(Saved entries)
lemma K4_closed_cone: "closed_cone K4"
  unfolding K4_eq_norm_le
  by (rule closed_cone_norm_le[OF bounded_linear_lorentz_coords bounded_linear_vec_nth])
     (auto simp: lorentz_coords_def zero_prod_def vec_eq_iff forall_4)

lemma K4_interior_nonempty: "interior K4 \<noteq> {}"
proof -
  let ?x = "(\<chi> i. if i = 1 \<or> i = 2 then 1 else 0) :: real^4"
  have "?x \<in> {x. norm (lorentz_coords x) < x$1}"
    by (simp add: lorentz_coords_def)
  also have "\<dots> \<subseteq> interior K4"
    unfolding K4_eq_norm_le
    by (intro norm_less_subset_interior_norm_le linear_continuous_on
        bounded_linear_lorentz_coords bounded_linear_vec_nth)
  finally show ?thesis by blast
qed

text \<open>On the \<open>(x\<^sub>3, x\<^sub>4)\<close> block \<open>A4 = 2\<pi> J\<close> with \<open>J = [[0, 2], [-1/2, 0]]\<close>, \<open>J\<^sup>2 = -1\<close>; the factors \<open>cos_coeff k * fact k\<close>
  and \<open>sin_coeff k * fact k\<close> are the resulting sign patterns \<open>1, 0, -1, 0, \<dots>\<close> and
  \<open>0, 1, 0, -1, \<dots>\<close>.\<close>

definition pow_A4 :: "real \<Rightarrow> nat \<Rightarrow> real^4^4" where
  "pow_A4 t k = (\<chi> i j.
     if i = 1 \<and> j = 1 \<or> i = 2 \<and> j = 2 then (if k = 0 then 1 else 0)
     else if i = 1 \<and> j = 2 then (if k = 1 then t else 0)
     else if i = 3 \<and> j = 3 \<or> i = 4 \<and> j = 4 then cos_coeff k * fact k * (2*pi*t)^k
     else if i = 3 \<and> j = 4 then 2 * sin_coeff k * fact k * (2*pi*t)^k
     else if i = 4 \<and> j = 3 then - sin_coeff k * fact k * (2*pi*t)^k / 2
     else 0)"

definition exp_A4 :: "real \<Rightarrow> real^4^4" where
  "exp_A4 t = (\<chi> i j.
     if i = 1 \<and> j = 1 \<or> i = 2 \<and> j = 2 then 1
     else if i = 1 \<and> j = 2 then t
     else if i = 3 \<and> j = 3 \<or> i = 4 \<and> j = 4 then cos (2*pi*t)
     else if i = 3 \<and> j = 4 then 2 * sin (2*pi*t)
     else if i = 4 \<and> j = 3 then - sin (2*pi*t) / 2
     else 0)"

lemma mpow_scaled_A4: "mpow (t *\<^sub>R A4) k = pow_A4 t k"
proof (induction k)
  case 0
  show ?case
    by (simp add: pow_A4_def mat_def vec_eq_iff forall_4 cos_coeff_def sin_coeff_def)
next
  case (Suc k)
  then have "mpow (t *\<^sub>R A4) (Suc k) = (t *\<^sub>R A4) ** pow_A4 t k"
    by simp
  also have "\<dots> = pow_A4 t (Suc k)"
    unfolding pow_A4_def A4_def matrix_matrix_mult_def
    by (simp add: vec_eq_iff forall_4 sum_4 cos_coeff_Suc sin_coeff_Suc)
  finally show ?case .
qed

lemma mexp_scaled_A4: "mexp (t *\<^sub>R A4) = exp_A4 t"
proof -
  have cos: "(\<lambda>k. cos_coeff k * (2*pi*t)^k) sums cos (2*pi*t)"
    using cos_converges[of "2*pi*t"] by simp
  have sin: "(\<lambda>k. sin_coeff k * (2*pi*t)^k) sums sin (2*pi*t)"
    using sin_converges[of "2*pi*t"] by simp
  have "(\<lambda>k. c * (sin_coeff k * (2*pi*t)^k)) sums (c * sin (2*pi*t))" for c
    using sums_mult[OF sin] .
  from this[of 2] this[of "-1/2"]
  have sin2: "(\<lambda>k. 2 * (sin_coeff k * (2*pi*t)^k)) sums (2 * sin (2*pi*t))"
    and sin_half: "(\<lambda>k. - (sin_coeff k * (2*pi*t)^k / 2)) sums (- (sin (2*pi*t) / 2))"
    by simp_all
  have single: "(\<lambda>k. (if k = n then c else 0) / fact k) sums (c / fact n)" for n and c :: real
  proof -
    have "(\<lambda>k. (if k = n then c else 0) / fact k) = (\<lambda>k. if k = n then c / fact n else 0)"
      by auto
    then show ?thesis
      using sums_single[of n "\<lambda>_. c / fact n"] by simp
  qed
  from single[of 0 1] single[of 1 t]
  have one: "(\<lambda>k. (if k = 0 then 1 else 0) / fact k) sums (1::real)"
    and lin: "(\<lambda>k. (if k = 1 then t else 0) / fact k) sums t"
    by simp_all
  have "(\<lambda>k. (1 / fact k) *\<^sub>R mpow (t *\<^sub>R A4) k) sums exp_A4 t"
  proof (rule sums_vecI, rule sums_vecI)
    fix i j :: 4
    show "(\<lambda>k. ((1 / fact k) *\<^sub>R mpow (t *\<^sub>R A4) k) $ i $ j) sums exp_A4 t $ i $ j"
      using exhaust_4[of i] exhaust_4[of j]
      by (elim disjE) (simp_all add: mpow_scaled_A4 pow_A4_def exp_A4_def cos sin2 sin_half one lin
          del: One_nat_def)
  qed
  then show ?thesis
    unfolding mexp_def by (rule sums_unique[symmetric])
qed

lemma abs_trig_combination_le:
  fixes a b c s :: real
  assumes "\<bar>c\<bar> \<le> 1" "\<bar>s\<bar> \<le> 1"
  shows "\<bar>c * a + s * b\<bar> \<le> \<bar>a\<bar> + \<bar>b\<bar>"
proof -
  have "\<bar>c * a\<bar> \<le> \<bar>a\<bar>" "\<bar>s * b\<bar> \<le> \<bar>b\<bar>"
    using assms by (simp_all add: abs_mult mult_left_le_one_le)
  then show ?thesis
    using abs_triangle_ineq[of "c * a" "s * b"] by linarith
qed

lemma exp_A4_mult_vec:
  "(exp_A4 t *v x)$1 = x$1 + t * x$2"
  "(exp_A4 t *v x)$2 = x$2"
  "(exp_A4 t *v x)$3 = cos (2*pi*t) * x$3 + sin (2*pi*t) * (2 * x$4)"
  "(exp_A4 t *v x)$4 = cos (2*pi*t) * x$4 + sin (2*pi*t) * (- x$3 / 2)"
  unfolding matrix_vector_mult_def exp_A4_def by (simp_all add: sum_4)

lemma exp_A4_rotation_bound:
  "((exp_A4 t *v x)$3)^2 + ((exp_A4 t *v x)$4)^2 \<le> 2 * (\<bar>x$3\<bar> + 2 * \<bar>x$4\<bar>)^2"
proof -
  let ?R = "\<bar>x$3\<bar> + 2 * \<bar>x$4\<bar>"
  have trig: "\<bar>cos (2*pi*t)\<bar> \<le> 1" "\<bar>sin (2*pi*t)\<bar> \<le> 1"
    by (rule abs_cos_le_one abs_sin_le_one)+
  have "\<bar>(exp_A4 t *v x)$3\<bar> \<le> \<bar>?R\<bar>" "\<bar>(exp_A4 t *v x)$4\<bar> \<le> \<bar>?R\<bar>"
    using abs_trig_combination_le[OF trig, of "x$3" "2 * x$4"]
      abs_trig_combination_le[OF trig, of "x$4" "- x$3 / 2"]
    unfolding exp_A4_mult_vec by auto
  then show ?thesis
    unfolding abs_le_square_iff by simp
qed

lemma exp_A4_mult_vec_mem_K4_iff:
  "exp_A4 t *v x \<in> K4 \<longleftrightarrow>
     (x$2)^2 + ((exp_A4 t *v x)$3)^2 + ((exp_A4 t *v x)$4)^2 \<le> 2 * (x$1 + t * x$2) * x$2
     \<and> 0 \<le> x$1 + t * x$2"
  unfolding mem_K4 by (simp only: exp_A4_mult_vec(1,2))

lemma exp_A4_fixes_degenerate:
  assumes "x$2 = 0" "x$3 = 0" "x$4 = 0" shows "exp_A4 t *v x = x"
  using assms by (simp add: vec_eq_iff forall_4 exp_A4_mult_vec)

lemma exp_A4_eventually_in_K4:
  assumes x: "x \<in> K4" and pos: "0 < x$2" and t: "(\<bar>x$3\<bar> + 2 * \<bar>x$4\<bar>)^2 / (x$2)^2 \<le> t"
  shows "exp_A4 t *v x \<in> K4"
proof -
  let ?R = "\<bar>x$3\<bar> + 2 * \<bar>x$4\<bar>"
  have "?R^2 \<le> t * (x$2)^2"
    using t pos by (simp add: divide_le_eq)
  moreover have "(x$2)^2 \<le> 2 * x$1 * x$2" "0 \<le> x$1"
    using x zero_le_power2[of "x$3"] zero_le_power2[of "x$4"] unfolding mem_K4 by linarith+
  moreover have "0 \<le> t"
    using t by (rule order_trans[rotated]) simp
  moreover have "2 * (x$1 + t * x$2) * x$2 = 2 * x$1 * x$2 + 2 * (t * (x$2)^2)"
    by (simp add: algebra_simps power2_eq_square)
  ultimately show ?thesis
    unfolding exp_A4_mult_vec_mem_K4_iff
    using exp_A4_rotation_bound[of t x] pos by (simp add: zero_le_mult_iff)
qed

lemma exp_A4_quarter_period_mult_vec:
  assumes "t = real n + 1/4"
  shows "(exp_A4 t *v x)$3 = 2 * x$4" "(exp_A4 t *v x)$4 = - x$3 / 2"
proof -
  have "2*pi*t = pi/2 + real (2*n) * pi"
    using assms by (simp add: algebra_simps)
  then have "cos (2*pi*t) = 0" "sin (2*pi*t) = 1"
    by (simp_all add: cos_add sin_add)
  then show "(exp_A4 t *v x)$3 = 2 * x$4" "(exp_A4 t *v x)$4 = - x$3 / 2"
    by (simp_all add: exp_A4_mult_vec)
qed

lemma indiv_ev_nonneg_A4: "indiv_ev_nonneg A4 K4"
  unfolding indiv_ev_nonneg_def mexp_scaled_A4
proof
  fix x assume x: "x \<in> K4"
  show "\<exists>t0\<ge>0. \<forall>t\<ge>t0. exp_A4 t *v x \<in> K4"
  proof (cases "x$2 = 0")
    case True
    then show ?thesis
      using x K4_nth34_zero exp_A4_fixes_degenerate by auto
  next
    case False
    then have "0 < x$2"
      using K4_nth2_nonneg[OF x] by simp
    then show ?thesis
      using x exp_A4_eventually_in_K4 by (intro exI[of _ "(\<bar>x$3\<bar> + 2 * \<bar>x$4\<bar>)^2 / (x$2)^2"]) auto
  qed
qed

lemma not_unif_ev_nonneg_A4: "\<not> unif_ev_nonneg A4 K4"
  unfolding unif_ev_nonneg_def mexp_scaled_A4
proof
  assume "\<exists>t0\<ge>0. \<forall>t\<ge>t0. (\<lambda>x. exp_A4 t *v x) ` K4 \<subseteq> K4"
  then obtain t0 where t0: "\<forall>t\<ge>t0. (\<lambda>x. exp_A4 t *v x) ` K4 \<subseteq> K4"
    by blast
  define t where "t = real (nat \<lceil>t0\<rceil>) + 1/4"
  have "t0 \<le> t" "0 \<le> t"
    unfolding t_def by linarith+
  \<comment> \<open>a boundary point of \<open>K4\<close>; at time \<open>t\<close> its \<open>x\<^sub>3\<close>-entry becomes \<open>2 (t + 1)\<close>, too large for \<open>x\<^sub>1 + t\<close>\<close>
  define x :: "real^4" where "x = (\<chi> i. if i = 1 then (1 + (t+1)^2) / 2 else if i = 2 then 1
    else if i = 3 then 0 else t+1)"
  have "x \<in> K4"
    unfolding mem_K4 x_def by simp
  then have "exp_A4 t *v x \<in> K4"
    using t0 \<open>t0 \<le> t\<close> by blast
  then have "1 + (2 * (t+1))^2 \<le> 2 * ((1 + (t+1)^2) / 2 + t)"
    unfolding mem_K4 exp_A4_quarter_period_mult_vec[OF t_def]
    by (simp add: exp_A4_mult_vec x_def)
  with \<open>0 \<le> t\<close> show False
    using zero_le_power2[of t] by (simp add: power_mult_distrib power2_sum)
qed

theorem mainTheorem4:
  shows "closed_cone K4 \<and> interior K4 \<noteq> {}
         \<and> indiv_ev_nonneg A4 K4 \<and> \<not> unif_ev_nonneg A4 K4"
  using K4_closed_cone K4_interior_nonempty indiv_ev_nonneg_A4 not_unif_ev_nonneg_A4 by blast

end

▸ ABOUT THIS EXERCISE:
Only the lines above from the one with "define t where" through the one with "unfolding mem_K4 x_def by simp" should be duplicated, character for character.

▸ ANSWER AREA:
  define t where "t = real (nat \<lceil>t0\<rceil>) + 1/4"
  have "t0 \<le> t" "0 \<le> t"
    unfolding t_def by linarith+
  \<comment> \<open>a boundary point of \<open>K4\<close>; at time \<open>t\<close> its \<open>x\<^sub>3\<close>-entry becomes \<open>2 (t + 1)\<close>, too large for \<open>x\<^sub>1 + t\<close>\<close>
  define x :: "real^4" where "x = (\<chi> i. if i = 1 then (1 + (t+1)^2) / 2 else if i = 2 then 1
    else if i = 3 then 0 else t+1)"
  have "x \<in> K4"
    unfolding mem_K4 x_def by simp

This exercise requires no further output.